Collection entries:
definition palindrome_dpda :: "nat dpda_trans" where
  "palindrome_dpda q x Z =
    (if q = 0 then
       (case x of
          Some a \<Rightarrow>
            if a \<in> {0, 1} \<and> Z \<in> {0, 1, 2} then Some (0, [a, Z])
            else if a = 2 \<and> Z \<in> {0, 1, 2} then Some (1, [Z]) else None
        | None \<Rightarrow> None)
     else if q = 1 then
       (case x of
          Some a \<Rightarrow> if a \<in> {0, 1} \<and> Z = a then Some (1, []) else None
        | None \<Rightarrow> if Z = 2 then Some (2, [2]) else None)
     else None)"

abbreviation palindrome_step :: "nat \<times> nat list \<times> nat list \<Rightarrow> nat \<times> nat list \<times> nat list \<Rightarrow> bool" where
  "palindrome_step \<equiv> pda_step palindrome_dpda"

lemma is_dpda_palindrome_dpda: "is_dpda {0, 1, 2} {0, 1, 2} {0, 1, 2} palindrome_dpda 0 2 {2}"
  unfolding is_dpda_def palindrome_dpda_def by (auto split: if_splits option.splits)

definition palindrome_run_inv :: "nat list \<Rightarrow> nat \<times> nat list \<times> nat list \<Rightarrow> bool" where
  "palindrome_run_inv x c \<longleftrightarrow>
     (\<exists>p u. set p \<subseteq> {0, 1} \<and> x = p @ u \<and> c = (0, u, rev p @ [2])) \<or>
     (\<exists>w v t u. set w \<subseteq> {0, 1} \<and> rev w = v @ t \<and> x = w @ 2 # v @ u \<and> c = (1, u, t @ [2])) \<or>
     (\<exists>w u. set w \<subseteq> {0, 1} \<and> x = w @ 2 # rev w @ u \<and> c = (2, u, [2]))"

lemma palindrome_run_inv_push_step:
  assumes "palindrome_step (0, u, rev p @ [2]) c'" "set p \<subseteq> {0, 1}" "x = p @ u"
  shows "palindrome_run_inv x c'"
proof -
  from assms(1) obtain a u' Z g q b where step:
    "u = a # u'" "Z # g = rev p @ [2]" "c' = (q, u', b @ g)" "palindrome_dpda 0 (Some a) Z = Some (q, b)"
    unfolding pda_step_def palindrome_dpda_def by (auto split: if_splits)
  have "Z \<in> {0, 1, 2}"
    using step(2) assms(2) by (cases "rev p") (auto dest!: arg_cong[of _ _ set])
  then consider "a \<in> {0, 1}" "q = 0" "b = [a, Z]" | "a = 2" "q = 1" "b = [Z]"
    using step(4) unfolding palindrome_dpda_def by (auto split: if_splits)
  then show ?thesis
  proof cases
    case 1
    then have "c' = (0, u', rev (p @ [a]) @ [2])" "x = (p @ [a]) @ u'" "set (p @ [a]) \<subseteq> {0, 1}"
      using step assms by auto
    then show ?thesis unfolding palindrome_run_inv_def by blast
  next
    case 2
    then have "c' = (1, u', rev p @ [2])" "x = p @ 2 # [] @ u'" using step assms by auto
    then show ?thesis unfolding palindrome_run_inv_def using assms(2) by fastforce
  qed
qed

lemma palindrome_run_inv_pop_step:
  assumes "palindrome_step (1, u, t @ [2]) c'"
    "set w \<subseteq> {0, 1}" "rev w = v @ t" "x = w @ 2 # v @ u"
  shows "palindrome_run_inv x c'"
proof -
  have t: "set t \<subseteq> {0, 1}" using assms(2,3) by (metis Un_subset_iff set_append set_rev)
  from assms(1) consider
    (read) a u' Z g b where "u = a # u'" "Z # g = t @ [2]" "c' = (1, u', b @ g)"
      "palindrome_dpda 1 (Some a) Z = Some (1, b)"
  | (eps) Z g b where "Z # g = t @ [2]" "c' = (2, u, b @ g)" "palindrome_dpda 1 None Z = Some (2, b)"
    unfolding pda_step_def palindrome_dpda_def by (auto split: if_splits)
  then show ?thesis
  proof cases
    case read
    then have "Z = a" "b = []" unfolding palindrome_dpda_def by (auto split: if_splits)
    moreover have "Z \<noteq> 2" using read(4) unfolding palindrome_dpda_def by (auto split: if_splits)
    ultimately obtain t' where "t = a # t'" "g = t' @ [2]" using read(2) by (cases t) auto
    then have "c' = (1, u', t' @ [2])" "rev w = (v @ [a]) @ t'" "x = w @ 2 # (v @ [a]) @ u'"
      using read assms \<open>b = []\<close> by auto
    then show ?thesis unfolding palindrome_run_inv_def using assms(2) by blast
  next
    case eps
    then have "Z = 2" "b = [2]" unfolding palindrome_dpda_def by (auto split: if_splits)
    then have "t = []" using eps(1) t by (cases t) auto
    then have "c' = (2, u, [2])" "x = w @ 2 # rev w @ u" using eps assms \<open>b = [2]\<close> by auto
    then show ?thesis unfolding palindrome_run_inv_def using assms(2) by blast
  qed
qed

lemma palindrome_run_inv_steps:
  assumes "palindrome_step\<^sup>*\<^sup>* c c'" "palindrome_run_inv x c"
  shows "palindrome_run_inv x c'"
  using assms
proof (induction rule: rtranclp_induct)
  case (step c' c'')
  then have "palindrome_run_inv x c'" by blast
  then show ?case
    unfolding palindrome_run_inv_def[of x c']
  proof (elim disjE exE conjE)
    fix w u assume "c' = (2, u, [2])"
    then show ?thesis using step(2) unfolding pda_step_def palindrome_dpda_def by auto
  qed (use step(2) palindrome_run_inv_push_step palindrome_run_inv_pop_step in blast)+
qed

lemma palindrome_push_run:
  "set p \<subseteq> {0, 1} \<Longrightarrow> set s \<subseteq> {0, 1} \<Longrightarrow>
     palindrome_step\<^sup>*\<^sup>* (0, p @ u, s @ [2]) (0, u, rev p @ s @ [2])"
proof (induction p arbitrary: s)
  case (Cons a p)
  have "palindrome_step (0, a # p @ u, s @ [2]) (0, p @ u, (a # s) @ [2])"
    using Cons.prems unfolding pda_step_def palindrome_dpda_def by (cases s) auto
  moreover have "palindrome_step\<^sup>*\<^sup>* (0, p @ u, (a # s) @ [2]) (0, u, rev p @ (a # s) @ [2])"
    using Cons.IH[of "a # s"] Cons.prems by simp
  ultimately show ?case by (simp add: converse_rtranclp_into_rtranclp)
qed simp

lemma palindrome_pop_run: "set v \<subseteq> {0, 1} \<Longrightarrow> palindrome_step\<^sup>*\<^sup>* (1, v @ u, v @ g) (1, u, g)"
proof (induction v)
  case (Cons a v)
  have "palindrome_step (1, a # v @ u, a # v @ g) (1, v @ u, v @ g)"
    using Cons.prems unfolding pda_step_def palindrome_dpda_def by auto
  then show ?case using Cons by (simp add: converse_rtranclp_into_rtranclp)
qed simp

lemma palindrome_accepting_run:
  assumes "set w \<subseteq> {0, 1}"
  shows "palindrome_step\<^sup>*\<^sup>* (0, w @ 2 # rev w, [2]) (2, [], [2])"
proof -
  have "palindrome_step\<^sup>*\<^sup>* (0, w @ 2 # rev w, [2]) (0, 2 # rev w, rev w @ [2])"
    using palindrome_push_run[of w "[]"] assms by simp
  also have "palindrome_step (0, 2 # rev w, rev w @ [2]) (1, rev w, rev w @ [2])"
    using assms unfolding pda_step_def palindrome_dpda_def
    by (cases "rev w") (auto dest!: arg_cong[of _ _ set])
  also have "palindrome_step\<^sup>*\<^sup>* (1, rev w, rev w @ [2]) (1, [], [2])"
    using palindrome_pop_run[of "rev w" "[]" "[2]"] assms by simp
  also have "palindrome_step (1, [], [2]) (2, [], [2])"
    unfolding pda_step_def palindrome_dpda_def by auto
  finally show ?thesis by simp
qed

lemma dpda_lang_palindrome_dpda: "dpda_lang {0, 1, 2} palindrome_dpda 0 2 {2} = marked_palindromes"
proof
  show "dpda_lang {0, 1, 2} palindrome_dpda 0 2 {2} \<subseteq> marked_palindromes"
  proof
    fix x assume "x \<in> dpda_lang {0, 1, 2} palindrome_dpda 0 2 {2}"
    then obtain g where "palindrome_step\<^sup>*\<^sup>* (0, x, [2]) (2, [], g)"
      unfolding dpda_lang_def by auto
    moreover have "palindrome_run_inv x (0, x, [2])"
      unfolding palindrome_run_inv_def by (rule disjI1, rule exI[of _ "[]"]) simp
    ultimately have "palindrome_run_inv x (2, [], g)" by (rule palindrome_run_inv_steps)
    then show "x \<in> marked_palindromes"
      unfolding palindrome_run_inv_def marked_palindromes_def by auto
  qed
next
  show "marked_palindromes \<subseteq> dpda_lang {0, 1, 2} palindrome_dpda 0 2 {2}"
    unfolding marked_palindromes_def dpda_lang_def using palindrome_accepting_run by fastforce
qed

theorem proposition3p6:
  shows "\<exists>(\<Sigma>::nat set) (L::nat list set). finite \<Sigma> \<and> dcfl_on \<Sigma> L \<and> \<not> reg_advice_on \<Sigma> L"
proof (intro exI conjI)
  show "finite {0, 1, 2 :: nat}" by simp
  show "dcfl_on {0, 1, 2} marked_palindromes"
    unfolding dcfl_on_def using is_dpda_palindrome_dpda dpda_lang_palindrome_dpda by metis
  show "\<not> reg_advice_on {0, 1, 2} marked_palindromes"
    by (rule marked_palindromes_not_reg_advice)
qed

end
theorem lemma4:
  fixes M :: "'a measure" and N :: "'w measure"
    and r :: "'a \<Rightarrow> real" and eps :: "'a \<Rightarrow> 'w \<Rightarrow> real"
    and p0 pref :: "'a \<Rightarrow> real"
  assumes sf: "sigma_finite_measure M"
    and r_meas: "r \<in> borel_measurable M"
    and N_prob: "prob_space N"
    and eps_meas: "(\<lambda>(x, w). eps x w) \<in> borel_measurable (M \<Otimes>\<^sub>M N)"
    and p0_dens: "p0 \<in> dens_set M" and pref_dens: "pref \<in> dens_set M"
    and p0_ent: "integrable M (\<lambda>x. p0 x * \<bar>ln (p0 x)\<bar>)"
    and pref_ent: "integrable M (\<lambda>x. pref x * \<bar>ln (pref x)\<bar>)"
    and mgf: "\<forall>p\<in>dens_set M.
               (\<integral>\<^sup>+ x. ennreal (p x) * (\<integral>\<^sup>+ w. ennreal (exp \<bar>r x + eps x w\<bar>) \<partial>N) \<partial>M) < \<infinity>"
    and Qstar_pos: "0 < esssup M (Qfun r eps N)"
    and Qstar_fin: "esssup M (Qfun r eps N) < \<infinity>"
    and Q_le: "\<forall>x\<in>space M. Qfun r eps N x \<le> esssup M (Qfun r eps N)"
    and A_pos: "(\<integral>\<^sup>+ x. ennreal (p0 x) *
                   indicator {x\<in>space M. Qfun r eps N x = esssup M (Qfun r eps N)} x \<partial>M) > 0"
  shows "(\<forall>t. Exp_dens M (iter_dens M (\<lambda>x. enn2real (Qfun r eps N x)) p0 (Suc t))
                       (\<lambda>x. enn2real (Qfun r eps N x))
             \<ge> Exp_dens M (iter_dens M (\<lambda>x. enn2real (Qfun r eps N x)) p0 t)
                       (\<lambda>x. enn2real (Qfun r eps N x))
               + Var_dens M (iter_dens M (\<lambda>x. enn2real (Qfun r eps N x)) p0 t)
                       (\<lambda>x. enn2real (Qfun r eps N x))
                 / Exp_dens M (iter_dens M (\<lambda>x. enn2real (Qfun r eps N x)) p0 t)
                       (\<lambda>x. enn2real (Qfun r eps N x)))
         \<and> (\<lambda>t. Exp_dens M (iter_dens M (\<lambda>x. enn2real (Qfun r eps N x)) p0 t)
                       (\<lambda>x. enn2real (Qfun r eps N x)))
           \<longlonglongrightarrow> enn2real (esssup M (Qfun r eps N))"
proof -
  define q where "q = (\<lambda>x. enn2real (Qfun r eps N x))"
  define c where "c = enn2real (esssup M (Qfun r eps N))"
  define A where "A = {x\<in>space M. Qfun r eps N x = esssup M (Qfun r eps N)}"
  have Q_meas: "Qfun r eps N \<in> borel_measurable M"
    using Qfun_measurable[OF prob_space_imp_sigma_finite[OF N_prob] r_meas eps_meas] .
  then have q_meas: "q \<in> borel_measurable M" and A_sets: "A \<in> sets M"
    unfolding q_def A_def by measurable
  have q_nonneg: "0 \<le> q x" and q_le: "q x \<le> c" if "x \<in> space M" for x
    using Q_le that Qstar_fin by (auto simp: q_def c_def intro: enn2real_mono)
  have q_eq: "q x = c" if "x \<in> A" for x
    using that by (simp add: A_def q_def c_def)
  have c_pos: "0 < c"
    using Qstar_pos Qstar_fin by (simp add: c_def enn2real_positive_iff)
  have p0_total: "(\<integral>x. p0 x \<partial>M) = 1"
    using p0_dens by (rule dens_set_integral_eq_1)
  have A_mass: "0 < (\<integral>x. p0 x * indicator A x \<partial>M)"
    using p0_dens A_sets A_pos unfolding A_def by (rule dens_set_integral_indicator_pos)
  note tilting = dens_set_integrable[OF p0_dens] dens_set_nonneg[OF p0_dens] q_meas q_nonneg q_le
  show ?thesis
    unfolding q_def[symmetric] c_def[symmetric]
    using Exp_dens_iter_dens_Suc[OF tilting p0_total moment_pos[OF tilting A_sets q_eq c_pos A_mass]]
      Exp_dens_iter_dens_tendsto[OF tilting p0_total A_sets q_eq c_pos A_mass]
    by simp
qed

end
abbreviation f where "f \<equiv> face_perm \<rho> \<alpha> U"
abbreviation h where "h \<equiv> sub_rotation \<rho> B \<circ> \<alpha>"
abbreviation face_cycles where "face_cycles \<equiv> {orbit_of f d | d. d \<in> D}"
definition entry_darts where "entry_darts = {x \<in> D. \<rho> x \<in> U}"

lemma f_permutes: "f permutes D"
  by (rule face_perm_permutes_general[OF rho_permutes U_subset]) (simp add: U_alpha alpha_alpha)

lemma rho_in_D[simp]: "\<rho> x \<in> D \<longleftrightarrow> x \<in> D" using permutes_in_image[OF rho_permutes] by blast
lemma alpha_in_D[simp]: "\<alpha> x \<in> D \<longleftrightarrow> x \<in> D" using permutes_in_image[OF alpha_permutes] by blast

lemma face_perm_outside_entries: "x \<notin> entry_darts \<Longrightarrow> f x = \<rho> x"
proof -
  assume "x \<notin> entry_darts"
  show "f x = \<rho> x"
  proof (cases "x \<in> D")
    case True thus ?thesis using \<open>x \<notin> entry_darts\<close> unfolding entry_darts_def face_perm_def by auto
  next
    case False
    hence "\<rho> x = x" using rho_permutes unfolding permutes_def by auto
    thus ?thesis using False U_subset unfolding face_perm_def by auto
  qed
qed

lemma f_funpow_in_D: "x \<in> D \<Longrightarrow> (f ^^ n) x \<in> D"
  using subsetD[OF orbit_of_subset[OF f_permutes] funpow_in_orbit_of] .

lemma rotation_between_entries:
  assumes z: "z \<in> entry_darts" and "1 \<le> j"
    and none: "\<And>i. 0 < i \<Longrightarrow> i < j \<Longrightarrow> (f ^^ i) z \<notin> entry_darts"
  shows "(\<rho> ^^ j) (\<alpha> (\<rho> z)) = \<rho> ((f ^^ j) z)"
  using \<open>1 \<le> j\<close> none
proof (induction j)
  case (Suc j)
  show ?case
  proof (cases "j = 0")
    case True
    have "f z = \<alpha> (\<rho> z)" using z unfolding entry_darts_def face_perm_def by simp
    thus ?thesis using True by simp
  next
    case False
    have "(f ^^ j) z \<notin> entry_darts" using Suc.prems(2)[of j] False by simp
    hence "(f ^^ Suc j) z = \<rho> ((f ^^ j) z)" using face_perm_outside_entries by simp
    moreover have "(\<rho> ^^ j) (\<alpha> (\<rho> z)) = \<rho> ((f ^^ j) z)" using Suc False by simp
    ultimately show ?thesis by simp
  qed
qed simp

lemma next_entry:
  assumes z: "z \<in> entry_darts" and k: "k = (LEAST k. 0 < k \<and> (f ^^ k) z \<in> entry_darts)"
  shows "0 < k" "(f ^^ k) z \<in> entry_darts" "\<rho> ((f ^^ k) z) = h (\<rho> z)"
proof -
  have zD: "z \<in> D" using z entry_darts_def by auto
  obtain p where p: "p > 0" "(f ^^ p) z = z" using orbit_of_period[OF f_permutes finite_D] by blast
  have kP: "0 < k \<and> (f ^^ k) z \<in> entry_darts" unfolding k by (rule LeastI[of _ p]) (use p z in auto)
  thus "0 < k" "(f ^^ k) z \<in> entry_darts" by auto
  have kmin: "0 < i \<Longrightarrow> i < k \<Longrightarrow> (f ^^ i) z \<notin> entry_darts" for i
    using not_less_Least unfolding k by blast
  have rr: "(\<rho> ^^ j) (\<alpha> (\<rho> z)) = \<rho> ((f ^^ j) z)" if "1 \<le> j" "j \<le> k" for j
    using rotation_between_entries[OF z that(1)] kmin that(2) by simp
  have L: "(LEAST j. 0 < j \<and> (\<rho> ^^ j) (\<alpha> (\<rho> z)) \<in> \<Union>B) = k"
  proof (rule Least_equality)
    show "0 < k \<and> (\<rho> ^^ k) (\<alpha> (\<rho> z)) \<in> \<Union>B" using kP rr[of k] Union_B entry_darts_def by auto
  next
    fix j assume j: "0 < j \<and> (\<rho> ^^ j) (\<alpha> (\<rho> z)) \<in> \<Union>B"
    show "k \<le> j"
    proof (rule ccontr)
      assume "\<not> k \<le> j"
      hence "(f ^^ j) z \<notin> entry_darts" using kmin j by auto
      moreover have "(f ^^ j) z \<in> D" using f_funpow_in_D zD by blast
      ultimately have "\<rho> ((f ^^ j) z) \<notin> U" using entry_darts_def by auto
      thus False using rr[of j] j \<open>\<not> k \<le> j\<close> Union_B by auto
    qed
  qed
  show "\<rho> ((f ^^ k) z) = h (\<rho> z)"
    unfolding o_apply sub_rotation_def L using rr[of k] kP by simp
qed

- _Goal of the exercise_: Find every line in the records that has the string "intro", then state how many there are and nothing else.

- _Solution below_: 2